Інформація призначена тільки для фахівців сфери охорони здоров'я, осіб,
які мають вищу або середню спеціальну медичну освіту.

Підтвердіть, що Ви є фахівцем у сфері охорони здоров'я.



СІМЕЙНІ ЛІКАРІ ТА ТЕРАПЕВТИ

НЕВРОЛОГИ, НЕЙРОХІРУРГИ, ЛІКАРІ ЗАГАЛЬНОЇ ПРАКТИКИ, СІМЕЙНІ ЛІКАРІ

КАРДІОЛОГИ, СІМЕЙНІ ЛІКАРІ, РЕВМАТОЛОГИ, НЕВРОЛОГИ, ЕНДОКРИНОЛОГИ

СТОМАТОЛОГИ

ІНФЕКЦІОНІСТИ, СІМЕЙНІ ЛІКАРІ, ПЕДІАТРИ, ГАСТРОЕНТЕРОЛОГИ, ГЕПАТОЛОГИ

ТРАВМАТОЛОГИ

ОНКОЛОГИ, (ОНКО-ГЕМАТОЛОГИ, ХІМІОТЕРАПЕВТИ, МАМОЛОГИ, ОНКО-ХІРУРГИ)

ЕНДОКРИНОЛОГИ, СІМЕЙНІ ЛІКАРІ, ПЕДІАТРИ, КАРДІОЛОГИ ТА ІНШІ СПЕЦІАЛІСТИ

ПЕДІАТРИ ТА СІМЕЙНІ ЛІКАРІ

АНЕСТЕЗІОЛОГИ, ХІРУРГИ

"Тrauma" Том 15, №4, 2014

Back to issue

Indications and Contraindications for Arthroplasty of Tumor Defects of the Knee Joint Bones

Authors: Klimovitsky F.V., Babosha V.A., Grebenyuk Yu.A., Abu-Faddeh Hasam, Yutovets Yu.A., Solonitsyn Ye.A. - Donetsk National Medical University named after M. Gorky, Donetsk, Ukraine

Categories: Traumatology and orthopedics

Sections: Clinical researches

print version

The question now conserving surgery or mutilating (amputation, disarticulation) with the possibility of the first is not necessary. Challenge remains how much surgery should be performed to comply with all the requirements onkoortopedii: 1) radicality at possible low risk for the patient's life (compliance with zoning and casing) 2) ablastics (prevention of recurrence); 3) preservation of the limb and its basic functions (Zatsepin ST, 2001; Babosha VA et al., 2008; Vyrva OE, 2012, etc).
Radicalism and preservation of limb function can be accessed by removing the entire tumor focus, which is achieved in malignant tumors of defect in three ways arthroplasty (Alexander Vorontsov, 1982; Neverov VA et al. 1997; Vyrva OE, 2012 etc.). This pole, subchondral and modular total hip replacement.

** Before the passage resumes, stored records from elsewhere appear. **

lemma fgraphs_Un: "(V, E) \<in> fgraphs \<Longrightarrow> (W, D) \<in> fgraphs \<Longrightarrow> (V \<union> W, E \<union> D) \<in> fgraphs"
  using edges_on_mono[of V "V \<union> W"] edges_on_mono[of W "V \<union> W"]
  by (auto simp: fgraphs_def)

lemma countable_fgraphs: "countable fgraphs"
proof (rule countable_subset)
  show "fgraphs \<subseteq> (\<Union>V\<in>{V::nat set. finite V}. {V} \<times> Pow (edges_on V))"
    by (auto simp: fgraphs_def)
  show "countable (\<Union>V\<in>{V::nat set. finite V}. {V} \<times> Pow (edges_on V))"
    by (intro countable_UN countable_Collect_finite countable_finite) (auto simp: finite_edges_on)
qed

lemma iso_relI:
  "(V, E) \<in> fgraphs \<Longrightarrow> (V', E') \<in> fgraphs \<Longrightarrow> bij_betw f V V' \<Longrightarrow> E' = relabel f E
    \<Longrightarrow> ((V, E), (V', E')) \<in> iso_rel"
  by (auto simp: iso_rel_def relabel_def)

lemma iso_relE:
  assumes "((V, E), (V', E')) \<in> iso_rel"
  obtains f where "(V, E) \<in> fgraphs" "(V', E') \<in> fgraphs" "bij_betw f V V'" "E' = relabel f E"
  using assms by (auto simp: iso_rel_def relabel_def)

lemma iso_rel_fgraphs: "iso_rel \<subseteq> fgraphs \<times> fgraphs"
  by (auto simp: iso_rel_def)

lemma iso_rel_inj_image:
  assumes "(V, E) \<in> fgraphs" "inj_on f V"
  shows "((V, E), (f ` V, relabel f E)) \<in> iso_rel"
  using assms fgraphsD[OF assms(1)] relabel_edges_on[of E V f]
  by (intro iso_relI[where f = f] fgraphsI) (auto simp: bij_betw_def)

lemma iso_rel_refl: "F \<in> fgraphs \<Longrightarrow> (F, F) \<in> iso_rel"
  using iso_rel_inj_image[of _ _ id] by (cases F) (simp add: relabel_id)

lemma iso_rel_sym:
  assumes "((V, E), (V', E')) \<in> iso_rel"
  shows "((V', E'), (V, E)) \<in> iso_rel"
proof -
  obtain f where f: "(V, E) \<in> fgraphs" "(V', E') \<in> fgraphs" "bij_betw f V V'" "E' = relabel f E"
    using assms by (rule iso_relE)
  define g where "g = the_inv_into V f"
  have "relabel g E' = relabel (g \<circ> f) E" by (simp add: f(4) relabel_comp)
  also have "\<dots> = relabel id E"
    using f(3) Union_edges_on_subset[of E V] fgraphsD[OF f(1)]
    by (intro relabel_cong) (auto simp: g_def the_inv_into_f_f bij_betw_def)
  finally show ?thesis
    using f bij_betw_the_inv_into[OF f(3)] by (intro iso_relI) (auto simp: relabel_id g_def)
qed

Purpose. Dermine, given the nature of the tumor of bone, forming the knee, tumor grade, the general condition of the patient, the possibility of acquiring the endoprosthesis, indications and contraindications for such operations.

Materials and Methods. The paper analyzes the treatment of 68 patients with benign and malignant neoplastic lesions of the distal femur - at 46, the proximal tibia - in 22. Men were aged 36 M ± m = 37 ± 3,2 years, women - aged 32 M ± m = 43 ± 1,9 years. Depending on the location of the tumor in the distal femur and proximal tibia endoprosthesis accomplished in three ways.

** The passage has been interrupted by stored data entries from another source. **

(* Let $B$ be a real-valued standard Brownian motion with $B_0=0$. Let $n\ge1$, and let $a,r>0$ with $a\ge2^{n-1}$ and $a+r\le2^n$; set $Q(a,r)=[a,a+r)$. For $0\le\gamma<\tfrac12$, let $$\mathcal A(n,a,r,\gamma)=\{\exists\,t\in Q(a,r): |B_t|\le t^\gamma\}.$$ Then $$\mathbb P\big(\mathcal A(n,a,r,\gamma)\big)\le\frac{2}{\sqrt\pi}\,2^{n(\gamma-1/2)}+\frac{4}{\sqrt{2\pi}}\Big(\frac ra\Big)^{1/2}.$$ *)

theory Defs
  imports "HOL-Probability.Probability"
begin

definition standard_brownian_motion :: "'a measure \<Rightarrow> (real \<Rightarrow> 'a \<Rightarrow> real) \<Rightarrow> bool" where
  "standard_brownian_motion M B \<longleftrightarrow>
     prob_space M \<and>
     (\<forall>t\<ge>0. B t \<in> borel_measurable M) \<and>
     (\<forall>\<omega>\<in>space M. B 0 \<omega> = 0) \<and>
     (\<forall>\<omega>\<in>space M. continuous_on {0..} (\<lambda>t. B t \<omega>)) \<and>
     (\<forall>s t. 0 \<le> s \<and> s < t \<longrightarrow>
        distributed M lborel (\<lambda>\<omega>. B t \<omega> - B s \<omega>) (normal_density 0 (sqrt (t - s)))) \<and>
     (\<forall>(ts :: nat \<Rightarrow> real) k. 0 \<le> ts 0 \<and> (\<forall>i<k. ts i < ts (Suc i)) \<longrightarrow>
        prob_space.indep_vars M (\<lambda>_. borel) (\<lambda>i \<omega>. B (ts (Suc i)) \<omega> - B (ts i) \<omega>) {..<k})"

end

theory Submission
  imports Defs
begin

Results and Discussion. Hemiarthroplasty performed in 42 cases (distal femur - 24, the proximal tibia - 18), subchondral arthroplasty - 15 (distal femur - 11, proximal tibial - 4), individual modular (total) hip replacement - 11 (only the distal femur).
Before surgery for a malignant tumor was performed under a regional intraosseous wiring administering cytostatics (doxorubicin, lipodoks, methotrexate), determining its effectiveness by the developed method (patent of Ukraine UA № 2900 G01 № 33/50). Saving knee arthroplasty after subchondral contributed to higher functional outcome compared with single-pole and total hip replacement. The lower estimate for hemiarthroplasty explained earlier development of osteoarthritic changes in the joint.
Cancer arthroplasty result depended on the development of distant metastases that were not detected before surgery, as well as recurrence of the resected tumor in 20 patients, necessitating amputation - in 18. After two operations and more than 45 years of living (66.2 %) patients.

Conclusions. Analysis of the results knee arthroplasty in three ways possible to develop an algorithm of treatment tactics, including indications and contraindications for this kind of surgery in bone tumors forming the knee.